> -----Original Message-----
> From: linux-btrfs-ow...@vger.kernel.org [mailto:linux-btrfs-
> ow...@vger.kernel.org] On Behalf Of Graham Cobb
> Sent: Thursday, 19 May 2016 8:11 PM
> To: linux-btrfs@vger.kernel.org
> Subject: Re: [Not TLS] Re: Reducing impact of periodic btrfs balance
> 
> On 19/05/16 05:09, Duncan wrote:
> > So to Graham, are these 1.5K snapshots all of the same subvolume, or
> > split into snapshots of several subvolumes?  If it's all of the same
> > subvolume or of only 2-3 subvolumes, you still have some work to do in
> > terms of getting down to recommended snapshot levels.  Also, if you
> > have quotas on and don't specifically need them, try turning them off
> > and see if that alone makes it workable.
> 
> I have just under 20 subvolumes but the snapshots are only taken if
> something has changed (actually I use btrbk: I am not sure if it takes the
> snapshot and then removes it if nothing changed or whether it knows not to
> even take it).  The most frequently changing subvolumes have just under 400
> snapshots each.  I have played with snapshot retention and think it unlikely I
> would want to reduce it further.
> 
> I have quotas turned off.  At least, I am not using quotas -- how can I double
> check it is really turned off?
> 
> I know that very large numbers of snapshots are not recommended, and I
> expected the balance to be slow.  I was quite prepared for it to take many
> days.  My full backups take several days and even incrementals take several
> hours.
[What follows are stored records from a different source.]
lemma minrep_spec:
  assumes y: "y \<in> W"
  shows "minrep alpha I J y \<in> MR" and "\<exists>v\<in>W_J. minrep alpha I J y = y \<circ> v"
proof -
  obtain v where v: "v \<in> W_J" "y \<circ> v \<in> MR"
    using coset_has_minrep[OF y] by blast
  have "\<exists>!u. u \<in> MR \<and> (\<exists>v\<in>W_J. u = y \<circ> v)"
  proof (rule ex1I[of _ "y \<circ> v"])
    show "y \<circ> v \<in> MR \<and> (\<exists>v'\<in>W_J. y \<circ> v = y \<circ> v')"
      using v by blast
    show "u = y \<circ> v" if u: "u \<in> MR \<and> (\<exists>v\<in>W_J. u = y \<circ> v)" for u
    proof -
      obtain v' where "v' \<in> W_J" "u = y \<circ> v'" "u \<in> MR"
        using u by blast
      then show ?thesis
        using minrep_unique[OF y] v by metis
    qed
  qed
  then have "minrep alpha I J y \<in> MR \<and> (\<exists>v\<in>W_J. minrep alpha I J y = y \<circ> v)"
    unfolding minrep_def by (rule theI')
  then show "minrep alpha I J y \<in> MR" and "\<exists>v\<in>W_J. minrep alpha I J y = y \<circ> v"
    by blast+
qed

lemma minrep_eq:
  assumes y: "y \<in> W" and z: "z \<in> MR" and v: "v \<in> W_J" and eq: "z = y \<circ> v"
  shows "minrep alpha I J y = z"
proof -
  obtain v' where "v' \<in> W_J" "minrep alpha I J y = y \<circ> v'"
    using minrep_spec(2)[OF y] by blast
  then show ?thesis
    using minrep_unique[OF y _ v] minrep_spec(1)[OF y] z eq by metis
qed

lemma minrep_apply_Lam: "y \<in> W \<Longrightarrow> minrep alpha I J y Lam = y Lam"
  using minrep_spec(2) W_J_fixes_Lam by fastforce

lemma wlen_minreps: "u \<in> MR \<Longrightarrow> wlen alpha I u = par_length u"
  using minreps_iff wlen_W card_inversions_eq_par_length by force

lemma wlen_minrep: "y \<in> W \<Longrightarrow> wlen alpha I (minrep alpha I J y) = par_length y"
proof -
  assume y: "y \<in> W"
  have m: "minrep alpha I J y \<in> MR"
    using minrep_spec(1)[OF y] .
  have "wlen alpha I (minrep alpha I J y) = weight_depth (minrep alpha I J y Lam)"
    using wlen_minreps[OF m] par_length_eq_weight_depth minreps_W[OF m] by simp
  also have "\<dots> = par_length y"
    using minrep_apply_Lam[OF y] par_length_eq_weight_depth[OF y] by simp
  finally show ?thesis .
qed

section \<open>How reflections change the length\<close>

lemma card_pos_roots_split:
  assumes b: "b \<in> R"
  shows "card {t \<in> R. height t > 0 \<and> Q t} =
    card {t \<in> {t \<in> R. height t > 0 \<and> height (refl b t) > 0}. Q t} +
    card {t \<in> {t \<in> R. height t > 0 \<and> height (refl b t) < 0}. Q t}"
    (is "_ = card ?A + card ?B")
proof -
  have "{t \<in> R. height t > 0 \<and> Q t} = ?A \<union> ?B"
  proof (rule set_eqI)
    fix t
    have "t \<in> R \<Longrightarrow> height (refl b t) \<noteq> 0"
      using height_nonzero refl_root[OF b] by blast
    then show "t \<in> {t \<in> R. height t > 0 \<and> Q t} \<longleftrightarrow> t \<in> ?A \<union> ?B"
      by auto
  qed
  moreover have "finite ?A" "finite ?B" "?A \<inter> ?B = {}"
    using finite_roots by auto
  ultimately show ?thesis
    by (simp add: card_Un_disjoint)
qed

lemma weight_depth_refl:
  assumes b: "b \<in> R" "height b > 0"
  shows "real (weight_depth (refl b mu)) - real (weight_depth mu) =
    (\<Sum>t\<in>inversions (refl b). sgn (mu \<bullet> t))"
proof -
  let ?r = "refl b"
  let ?P1 = "{t \<in> R. height t > 0 \<and> height (?r t) > 0}"
    and ?P2 = "{t \<in> R. height t > 0 \<and> height (?r t) < 0}"
  have nz: "b \<noteq> 0"
    using root_nonzero b by blast
  have rR: "\<And>t. t \<in> R \<Longrightarrow> ?r t \<in> R"
    using refl_root b by blast
  have rr: "\<And>t. ?r (?r t) = t"
    using nz by simp
  note card_split = card_pos_roots_split[OF b(1)]
  have "card {t \<in> ?P1. mu \<bullet> ?r t < 0} = card {t \<in> ?P1. mu \<bullet> t < 0}"
  proof (rule card_eq_involution[of _ ?r])
    show "\<forall>x\<in>{t \<in> ?P1. mu \<bullet> ?r t < 0}. ?r x \<in> {t \<in> ?P1. mu \<bullet> t < 0}"
      using rr rR by simp
    show "\<forall>x\<in>{t \<in> ?P1. mu \<bullet> t < 0}. ?r x \<in> {t \<in> ?P1. mu \<bullet> ?r t < 0}"
      using rr rR by simp
  qed (simp_all add: rr)
  moreover have "card {t \<in> ?P2. mu \<bullet> ?r t < 0} = card {t \<in> ?P2. mu \<bullet> t > 0}"
  proof (rule card_eq_involution[of _ "\<lambda>t. - ?r t"])
    show "\<forall>x\<in>{t \<in> ?P2. mu \<bullet> ?r t < 0}. - ?r x \<in> {t \<in> ?P2. mu \<bullet> t > 0}"
      using rr rR uminus_root by (simp add: refl_minus height_uminus)
    show "\<forall>x\<in>{t \<in> ?P2. mu \<bullet> t > 0}. - ?r x \<in> {t \<in> ?P2. mu \<bullet> ?r t < 0}"
      using rr rR uminus_root by (simp add: refl_minus height_uminus)
  qed (simp_all add: rr refl_minus)
  moreover have "weight_depth (?r mu) = card {t \<in> R. height t > 0 \<and> mu \<bullet> ?r t < 0}"
    unfolding weight_depth_def by (simp add: refl_inner_sym)
  ultimately have "weight_depth (?r mu) = card {t \<in> ?P1. mu \<bullet> t < 0} + card {t \<in> ?P2. mu \<bullet> t > 0}"
    using card_split[of "\<lambda>t. mu \<bullet> ?r t < 0"] by simp
  moreover have "weight_depth mu = card {t \<in> ?P1. mu \<bullet> t < 0} + card {t \<in> ?P2. mu \<bullet> t < 0}"
    unfolding weight_depth_def by (rule card_split)
  moreover have "finite ?P2"
    using finite_roots by simp
  ultimately show ?thesis
    unfolding inversions_def using sum_sgn_eq_card_diff[of ?P2 "\<lambda>t. mu \<bullet> t"] by simp
qed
What I did not expect, and think is a MUCH more serious problem, is
> that the balance prevented use of the disk, holding up all writes to the disk
> for (quite literally) hours each.  I have not seen that effect mentioned
> anywhere!
> 
> That means that for a large, busy data disk, it is impossible to do a balance
> unless the server is taken down to single-user mode for the time the balance
> takes (presumably still days).  I assume this would also apply to doing a RAID
> rebuild (I am not using multiple disks at the moment).
> 
> At the moment I am still using my previous backup strategy, alongside the
> snapshots (that is: rsync-based rsnapshots to another disk daily and with
> fairly long retentions, and separate daily full/incremental backups using dar
> to a nas in another building).  I was hoping the btrfs snapshots might replace
> the daily rsync snapshots but it doesn't look like that will work out.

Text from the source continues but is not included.